What happens to my regular auto-debit payments?
Auto-debit payments to federally-held loans will be automatically suspended during this administrative forbearance period.
You can remain in administrative forbearance and make manual payments to your loan servicer, or if you wish to continue your auto-debit payments, you will need to contact your loan server to opt out of administrative forbearance and your auto-debit payments will resume.
What happens if I made a payment after the CARES Act was enacted?
Any payment to a federally-held loan that was processed after March 13 can be refunded to you. If you wish to receive a refund, you can contact your servicer to make that request.

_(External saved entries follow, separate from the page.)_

(* Let $\mathcal X=\min\{\mathfrak g_{sr},\mathfrak g_{sd}\}$ and $\bar C_{s_1,\mathrm{MRC}}:=\tfrac12\mathbb E[\log_2(1+\rho\mathcal X)-\log_2(1+a_2\rho\mathcal X)]$. Then, with $\Phi=\frac{m_{sr}}{\Omega_{sr}}+\frac{m_{sd}}{\Omega_{sd}}$, $$\bar C_{s_1,\mathrm{MRC}}=\frac{1}{2\ln2}\sum_{\mu=0}^{m_{sr}N_r-1}\sum_{\nu=0}^{m_{sd}N_d-1}\frac{m_{sr}^{\mu}m_{sd}^{\nu}\,\Gamma(\mu+\nu+1)}{\Omega_{sr}^{\mu}\Omega_{sd}^{\nu}\,\mu!\,\nu!\,\rho^{\mu+\nu}}\Big\{e^{\Phi/\rho}\,\Gamma\Big[-\mu-\nu,\tfrac{\Phi}{\rho}\Big]-\frac{1}{a_2^{\mu+\nu}}e^{\Phi/(\rho a_2)}\,\Gamma\Big[-\mu-\nu,\tfrac{\Phi}{\rho a_2}\Big]\Big\}.$$
   Context: Let $N_r,N_d$ be positive integers, $m_{sr},m_{sd},m_{rd}$ positive integers, and $\Omega_{sr},\Omega_{sd},\Omega_{rd}>0$. Let $\{G_{sr,i}\}_{i=1}^{N_r}$, $\{G_{sd,j}\}_{j=1}^{N_d}$, $\{G_{rd,k}\}_{k=1}^{N_d}$ be mutually independent random variables, where each $G_{sr,i}$ has the Gamma density $f(x)=\frac{(m_{sr}/\Omega_{sr})^{m_{sr}}x^{m_{sr}-1}}{\Gamma(m_{sr})}e^{-m_{sr}x/\Omega_{sr}}$, $x>0$, and analogously $G_{sd,j}$ with parameters $(m_{sd},\Omega_{sd})$ and $G_{rd,k}$ with $(m_{rd},\Omega_{rd})$. Maximal-ratio combining (MRC) gains: $\mathfrak g_{sr}=\sum_{i=1}^{N_r}G_{sr,i}$, $\mathfrak g_{sd}=\sum_{j=1}^{N_d}G_{sd,j}$, $\mathfrak g_{rd}=\sum_{k=1}^{N_d}G_{rd,k}$. Let $\rho>0$ and $a_1,a_2\in(0,1)$ with $a_1+a_2=1$, $a_1>a_2$. $\Gamma[s,z]=\int_z^\infty t^{s-1}e^{-t}\,dt$ ($z>0$) is the upper incomplete Gamma function. *)

theory Defs
  imports "HOL-Probability.Probability"
begin

text \<open>Index type for the independent channel gains: SR i (i < N_r), SD j, RD k (j,k < N_d).\<close>
datatype gidx = SR nat | SD nat | RD nat

text \<open>Gamma (Nakagami-m power) density with shape m and mean Omega.\<close>
definition gamma_pdf :: "real \<Rightarrow> real \<Rightarrow> real \<Rightarrow> real" where
  "gamma_pdf m \<Omega> x =
     (if x > 0 then (m / \<Omega>) powr m * x powr (m - 1) / Gamma m * exp (- m * x / \<Omega>) else 0)"

definition upper_Gamma :: "real \<Rightarrow> real \<Rightarrow> real" where
  "upper_Gamma s z = (\<integral>t\<in>{z<..}. t powr (s - 1) * exp (- t) \<partial>lborel)"

end

theory Submission
  imports Defs
begin

text \<open>
  A sum of \<open>N\<close> independent Gamma variables of integer shape \<open>m\<close> and mean \<open>\<Omega>\<close> is Erlang of
  shape \<open>m N\<close> and rate \<open>m / \<Omega>\<close>, so by independence the survival function of
  \<open>X = min g\<^sub>s\<^sub>r g\<^sub>s\<^sub>d\<close> is \<open>e\<^sup>-\<^sup>\<Phi>\<^sup>t\<close> times a polynomial in \<open>t\<close>.
  The layer-cake formula gives \<open>E[ln (1 + c X)] = \<integral>\<^sub>0\<^sup>\<infinity> c / (1 + c t) P(X > t) dt\<close>, which
  reduces the claim to the integrals \<open>K\<^sub>n = \<integral>\<^sub>0\<^sup>\<infinity> c t\<^sup>n e\<^sup>-\<^sup>\<Phi>\<^sup>t / (1 + c t) dt\<close>.
  These satisfy \<open>c K\<^sub>n\<^sub>+\<^sub>1 + K\<^sub>n = c n! / \<Phi>\<^sup>n\<^sup>+\<^sup>1\<close>, the same recurrence as
  \<open>\<Gamma>[-n, z] + (n + 1) \<Gamma>[-n-1, z] = e\<^sup>-\<^sup>z / z\<^sup>n\<^sup>+\<^sup>1\<close> (integration by parts), and the substitution
  \<open>t \<mapsto> \<Phi>/c + \<Phi> t\<close> settles \<open>n = 0\<close>; hence \<open>K\<^sub>n = n! / c\<^sup>n e\<^sup>\<Phi>\<^sup>/\<^sup>c \<Gamma>[-n, \<Phi>/c]\<close>.
\<close>

lemma nn_integral_power_exp:
  fixes \<Phi> :: real
  assumes "0 < \<Phi>"
  shows "(\<integral>\<^sup>+t. ennreal (t^n * exp (-\<Phi>*t) * indicator {0<..} t) \<partial>lborel) = ennreal (fact n / \<Phi>^(n+1))"
proof -
  have "(\<integral>\<^sup>+t. ennreal (erlang_density 0 \<Phi> t * t^n) \<partial>lborel)
     = (\<integral>\<^sup>+t. ennreal \<Phi> * ennreal (t^n * exp (-\<Phi>*t) * indicator {0<..} t) \<partial>lborel)"
    using AE_lborel_singleton[of 0] by (intro nn_integral_cong_AE, eventually_elim)
       (use assms in \<open>auto simp: erlang_density_def ennreal_mult[symmetric] split: split_indicator\<close>)
  also have "\<dots> = ennreal \<Phi> * (\<integral>\<^sup>+t. ennreal (t^n * exp (-\<Phi>*t) * indicator {0<..} t) \<partial>lborel)"
    by (rule nn_integral_cmult) measurable
  finally have "ennreal \<Phi> * (\<integral>\<^sup>+t. ennreal (t^n * exp (-\<Phi>*t) * indicator {0<..} t) \<partial>lborel)
      = ennreal \<Phi> * ennreal (fact n / \<Phi>^(n+1))"
    using nn_integral_erlang_ith_moment[OF assms, of 0 n] assms
    by (simp add: ennreal_mult[symmetric] field_simps)
  then show ?thesis
    using assms by (subst (asm) ennreal_mult_cancel_left) auto
qed

lemma has_bochner_integral_power_exp:
  fixes \<Phi> :: real
  assumes "0 < \<Phi>"
  shows "has_bochner_integral lborel (\<lambda>t. t^n * exp (-\<Phi>*t) * indicator {0<..} t) (fact n / \<Phi>^(n+1))"
  using nn_integral_power_exp[OF assms] assms
  by (intro has_bochner_integral_nn_integral) (auto split: split_indicator)

text \<open>\<open>t\<^sup>n e\<^sup>-\<^sup>\<Phi>\<^sup>t\<close> weighted by the derivative \<open>c / (1 + c t)\<close> of \<open>ln (1 + c t)\<close>.\<close>
definition log_moment_kernel :: "real \<Rightarrow> real \<Rightarrow> nat \<Rightarrow> real \<Rightarrow> real" where
  "log_moment_kernel \<Phi> c n t = c * t^n * exp (-\<Phi>*t) / (1 + c*t) * indicator {0<..} t"

lemma log_moment_kernel_measurable [measurable]:
  "log_moment_kernel \<Phi> c n \<in> borel_measurable borel"
  unfolding log_moment_kernel_def by measurable

lemma integrable_log_moment_kernel:
  assumes "0 < c" "0 < \<Phi>"
  shows "integrable lborel (log_moment_kernel \<Phi> c n)"
proof (rule Bochner_Integration.integrable_bound)
  show "integrable lborel (\<lambda>t. c * (t^n * exp (-\<Phi>*t) * indicator {0<..} t))"
    using integrable.intros[OF has_bochner_integral_power_exp[OF assms(2)]]
    by (rule integrable_mult_right)
  have "c * t^n * exp (-\<Phi>*t) / (1 + c*t) \<le> c * t^n * exp (-\<Phi>*t) / 1" if "0 < t" for t
    using assms that by (intro divide_left_mono) (auto intro!: mult_nonneg_nonneg add_pos_pos)
  then show "AE t in lborel. norm (log_moment_kernel \<Phi> c n t)
      \<le> norm (c * (t^n * exp (-\<Phi>*t) * indicator {0<..} t))"
    using assms by (intro AE_I2) (auto simp: log_moment_kernel_def abs_mult mult.assoc split: split_indicator)
qed simp

lemma log_moment_kernel_Suc:
  assumes "0 < c"
  shows "c * log_moment_kernel \<Phi> c (Suc n) t + log_moment_kernel \<Phi> c n t
       = c * (t^n * exp (-\<Phi>*t) * indicator {0<..} t)"
proof (cases "0 < t")
  case True
  then have "1 + c*t \<noteq> 0" using assms by (smt (verit) mult_pos_pos)
  moreover have "c * (c * t^Suc n * E / (1 + c*t)) + c * t^n * E / (1 + c*t)
      = c * t^n * E * (1 + c*t) / (1 + c*t)" for E
    by (simp add: add_divide_distrib algebra_simps)
  ultimately show ?thesis using True by (simp add: log_moment_kernel_def)
qed (simp add: log_moment_kernel_def)

lemma integral_log_moment_kernel_Suc:
  assumes "0 < c" "0 < \<Phi>"
  shows "c * integral\<^sup>L lborel (log_moment_kernel \<Phi> c (Suc n))
       + integral\<^sup>L lborel (log_moment_kernel \<Phi> c n) = c * fact n / \<Phi>^(n+1)"
proof -
  have "c * integral\<^sup>L lborel (log_moment_kernel \<Phi> c (Suc n)) + integral\<^sup>L lborel (log_moment_kernel \<Phi> c n)
      = (\<integral>t. c * log_moment_kernel \<Phi> c (Suc n) t + log_moment_kernel \<Phi> c n t \<partial>lborel)"
    using integrable_log_moment_kernel[OF assms] by simp
  also have "\<dots> = (\<integral>t. c * (t^n * exp (-\<Phi>*t) * indicator {0<..} t) \<partial>lborel)"
    by (simp only: log_moment_kernel_Suc[OF assms(1)])
  also have "\<dots> = c * fact n / \<Phi>^(n+1)"
    using has_bochner_integral_integral_eq[OF has_bochner_integral_power_exp[OF assms(2)]] by simp
  finally show ?thesis .
qed

lemma has_bochner_integral_upper_Gamma:
  assumes "0 < z" "s \<le> 1"
  shows "has_bochner_integral lborel (\<lambda>t. indicator {z<..} t *\<^sub>R (t powr (s - 1) * exp (-t))) (upper_Gamma s z)"
proof -
  have "integrable lborel (\<lambda>t. indicator {z<..} t *\<^sub>R (t powr (s - 1) * exp (-t)))"
  proof (rule Bochner_Integration.integrable_bound)
    show "integrable lborel (\<lambda>t. z powr (s - 1) * (t^0 * exp (-1*t) * indicator {0<..} t))"
      using integrable.intros[OF has_bochner_integral_power_exp[of 1 0]]
      by (intro integrable_mult_right) simp
    have "t powr (s - 1) \<le> z powr (s - 1)" if "z < t" for t
      using assms that by (intro powr_mono2') auto
    then show "AE t in lborel. norm (indicator {z<..} t *\<^sub>R (t powr (s - 1) * exp (-t)))
        \<le> norm (z powr (s - 1) * (t^0 * exp (-1*t) * indicator {0<..} t))"
      using assms by (intro AE_I2) (auto simp: abs_mult split: split_indicator)
  qed measurable
  then show ?thesis
    by (simp add: has_bochner_integral_iff upper_Gamma_def set_lebesgue_integral_def)
qed

text \<open>\<open>f\<close> is the derivative of \<open>-t\<^sup>r e\<^sup>-\<^sup>t\<close>, which vanishes at infinity.\<close>
lemma has_bochner_integral_powr_exp_deriv:
  fixes r z :: real
  assumes z: "0 < z" and r: "r < 0"
  defines "f \<equiv> \<lambda>t. t powr r * exp (-t) - r * t powr (r - 1) * exp (-t)"
  shows "has_bochner_integral lborel (\<lambda>t. f t * indicator {z..} t) (z powr r * exp (-z))"
proof (rule has_bochner_integral_nn_integral)
  define F where "F t = -(t powr r * exp (-t))" for t
  have fm [measurable]: "f \<in> borel_measurable borel" unfolding f_def by measurable
  then show "(\<lambda>t. f t * indicator {z..} t) \<in> borel_measurable lborel" by measurable
  have D: "DERIV F t :> f t" if "z \<le> t" for t
    using that z unfolding F_def f_def
    by (auto intro!: derivative_eq_intros simp: algebra_simps)
  have fnn: "0 \<le> f t" for t
  proof -
    have "r * t powr (r - 1) \<le> 0" using r by (simp add: mult_nonpos_nonneg)
    then have "0 \<le> t powr r - r * t powr (r - 1)"
      using powr_ge_zero[of t r] by linarith
    then have "0 \<le> (t powr r - r * t powr (r - 1)) * exp (-t)" by simp
    then show ?thesis by (simp add: f_def algebra_simps)
  qed
  then show "AE t in lborel. 0 \<le> f t * indicator {z..} t"
    by (simp split: split_indicator)
  have "((\<lambda>t. t powr r * exp (-t)) \<longlongrightarrow> 0) at_top"
    by (intro tendsto_mult_zero tendsto_neg_powr[OF r filterlim_ident]
        filterlim_compose[OF exp_at_bot filterlim_uminus_at_bot_at_top])
  then have lim: "(F \<longlongrightarrow> 0) at_top"
    unfolding F_def using tendsto_minus by fastforce
  have "(\<integral>\<^sup>+t. ennreal (f t * indicator {z..} t) \<partial>lborel) = (\<integral>\<^sup>+t. ennreal (f t) * indicator {z..} t \<partial>lborel)"
    by (intro nn_integral_cong) (simp split: split_indicator)
  also have "\<dots> = ennreal (0 - F z)"
    by (rule nn_integral_FTC_atLeast[OF fm D fnn lim])
  finally show "(\<integral>\<^sup>+t. ennreal (f t * indicator {z..} t) \<partial>lborel) = ennreal (z powr r * exp (-z))"
    by (simp add: F_def)
qed auto

lemma upper_Gamma_neg_nat_Suc:
  assumes z: "0 < z"
  shows "upper_Gamma (- real n) z + (real n + 1) * upper_Gamma (- real (Suc n)) z = exp (-z) / z ^ Suc n"
proof -
  define r where "r = - real n - 1"
  let ?g = "\<lambda>s t. indicator {z<..} t *\<^sub>R (t powr (s - 1) * exp (-t))"
  let ?f = "\<lambda>t. (t powr r * exp (-t) - r * t powr (r - 1) * exp (-t)) * indicator {z..} t"
  have "has_bochner_integral lborel (\<lambda>t. ?g (- real n) t + (real n + 1) * ?g (- real (Suc n)) t)
      (upper_Gamma (- real n) z + (real n + 1) * upper_Gamma (- real (Suc n)) z)"
    using z by (intro has_bochner_integral_add has_bochner_integral_mult_right
        has_bochner_integral_upper_Gamma) auto
  moreover have "AE t in lborel. ?g (- real n) t + (real n + 1) * ?g (- real (Suc n)) t = ?f t"
    using AE_lborel_singleton[of z]
    by eventually_elim (auto simp: r_def algebra_simps split: split_indicator)
  ultimately have "has_bochner_integral lborel ?f
      (upper_Gamma (- real n) z + (real n + 1) * upper_Gamma (- real (Suc n)) z)"
    by (subst (asm) has_bochner_integral_cong_AE) auto
  moreover have "has_bochner_integral lborel ?f (z powr r * exp (-z))"
    by (rule has_bochner_integral_powr_exp_deriv[OF z]) (simp add: r_def)
  moreover have "z powr r = 1 / z ^ Suc n"
  proof -
    have "r = - real (Suc n)" by (simp add: r_def)
    then show ?thesis by (simp only: powr_minus powr_realpow[OF z]) (simp add: divide_inverse)
  qed
  ultimately show ?thesis
    by (auto dest: has_bochner_integral_eq)
qed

Can I still make payments on my federal loans?
Yes. You can make payments in any amount to your federal loans during this administrative forbearance period. If you are able to do so, making these payments could help you to pay off your loans sooner, as your payments will be applied to principal, once all interest accrued prior to March 13 is paid.
What if I’m pursuing PSLF?
As long as you continue to meet all other PSLF requirements* during the administrative forbearance period from March 13-September 20, you will not have to make payments to your federal student loans. During this automatic payment suspension for federal loans, your $0 payments will count as qualifying payments towards your PSLF progress.
*PSLF requirements: You must have a Direct Loan, be on a qualifying repayment plan prior to March 13 and work full-time for a qualifying employer.
What if my loans are in default?
If you are trying to rehabilitate your loans, these suspended payments will count towards your rehabilitation.